Collected data

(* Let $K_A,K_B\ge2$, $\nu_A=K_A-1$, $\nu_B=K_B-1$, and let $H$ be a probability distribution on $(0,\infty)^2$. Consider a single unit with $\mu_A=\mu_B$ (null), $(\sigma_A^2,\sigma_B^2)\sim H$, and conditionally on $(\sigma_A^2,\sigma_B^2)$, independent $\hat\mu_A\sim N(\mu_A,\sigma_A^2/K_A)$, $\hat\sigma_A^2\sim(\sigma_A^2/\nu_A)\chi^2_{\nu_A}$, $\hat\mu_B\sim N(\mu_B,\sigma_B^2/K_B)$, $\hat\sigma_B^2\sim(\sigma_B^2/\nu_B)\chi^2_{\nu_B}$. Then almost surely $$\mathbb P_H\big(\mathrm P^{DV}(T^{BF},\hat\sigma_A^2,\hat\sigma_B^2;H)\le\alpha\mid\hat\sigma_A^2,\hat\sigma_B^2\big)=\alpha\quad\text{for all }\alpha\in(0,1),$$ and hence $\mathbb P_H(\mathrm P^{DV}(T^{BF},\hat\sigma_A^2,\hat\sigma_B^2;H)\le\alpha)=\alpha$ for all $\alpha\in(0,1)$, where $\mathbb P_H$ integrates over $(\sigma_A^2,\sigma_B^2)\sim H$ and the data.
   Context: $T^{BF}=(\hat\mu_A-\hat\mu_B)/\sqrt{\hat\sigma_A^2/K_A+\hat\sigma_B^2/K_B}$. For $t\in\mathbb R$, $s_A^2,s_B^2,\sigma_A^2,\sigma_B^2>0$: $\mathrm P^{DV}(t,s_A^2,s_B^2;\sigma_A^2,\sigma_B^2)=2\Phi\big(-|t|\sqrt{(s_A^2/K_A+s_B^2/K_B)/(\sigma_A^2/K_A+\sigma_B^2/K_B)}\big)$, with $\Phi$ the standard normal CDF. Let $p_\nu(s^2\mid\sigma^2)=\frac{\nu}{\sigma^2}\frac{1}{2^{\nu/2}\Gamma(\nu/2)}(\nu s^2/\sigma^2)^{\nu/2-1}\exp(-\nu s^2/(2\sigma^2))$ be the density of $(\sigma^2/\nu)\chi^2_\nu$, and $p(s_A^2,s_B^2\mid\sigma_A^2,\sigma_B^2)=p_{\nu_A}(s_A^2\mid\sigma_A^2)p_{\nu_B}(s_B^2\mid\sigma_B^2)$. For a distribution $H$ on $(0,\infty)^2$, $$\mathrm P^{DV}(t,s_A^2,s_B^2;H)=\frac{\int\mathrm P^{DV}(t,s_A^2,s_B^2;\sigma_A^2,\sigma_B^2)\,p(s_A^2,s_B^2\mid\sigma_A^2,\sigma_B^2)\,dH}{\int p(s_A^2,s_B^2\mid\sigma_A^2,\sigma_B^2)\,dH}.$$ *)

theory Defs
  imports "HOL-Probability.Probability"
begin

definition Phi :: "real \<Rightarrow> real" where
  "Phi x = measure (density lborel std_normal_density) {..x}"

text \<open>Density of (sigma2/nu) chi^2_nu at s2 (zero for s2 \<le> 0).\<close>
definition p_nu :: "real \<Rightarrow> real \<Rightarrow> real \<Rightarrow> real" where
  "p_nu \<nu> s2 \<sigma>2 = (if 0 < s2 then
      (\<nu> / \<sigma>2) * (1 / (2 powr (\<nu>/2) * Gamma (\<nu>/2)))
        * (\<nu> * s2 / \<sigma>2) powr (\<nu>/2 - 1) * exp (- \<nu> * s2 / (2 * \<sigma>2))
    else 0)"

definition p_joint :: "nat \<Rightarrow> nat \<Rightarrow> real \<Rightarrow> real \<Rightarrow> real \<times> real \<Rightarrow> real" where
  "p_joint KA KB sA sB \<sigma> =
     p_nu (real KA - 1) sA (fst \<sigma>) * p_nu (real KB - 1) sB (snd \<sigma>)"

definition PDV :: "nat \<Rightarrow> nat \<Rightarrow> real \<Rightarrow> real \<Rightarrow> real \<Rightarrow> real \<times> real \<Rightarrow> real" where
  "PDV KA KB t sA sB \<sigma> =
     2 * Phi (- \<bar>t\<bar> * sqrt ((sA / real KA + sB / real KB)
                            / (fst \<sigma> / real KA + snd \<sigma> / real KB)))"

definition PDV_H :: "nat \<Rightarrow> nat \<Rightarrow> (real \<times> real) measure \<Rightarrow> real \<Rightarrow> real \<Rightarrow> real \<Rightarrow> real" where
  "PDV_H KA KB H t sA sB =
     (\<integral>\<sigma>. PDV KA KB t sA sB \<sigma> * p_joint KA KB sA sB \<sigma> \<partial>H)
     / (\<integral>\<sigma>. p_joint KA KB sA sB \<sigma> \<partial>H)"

Exercise
Answer with a number alone: how many lines of the records contain the string "Rightarrow"?

Written solution
5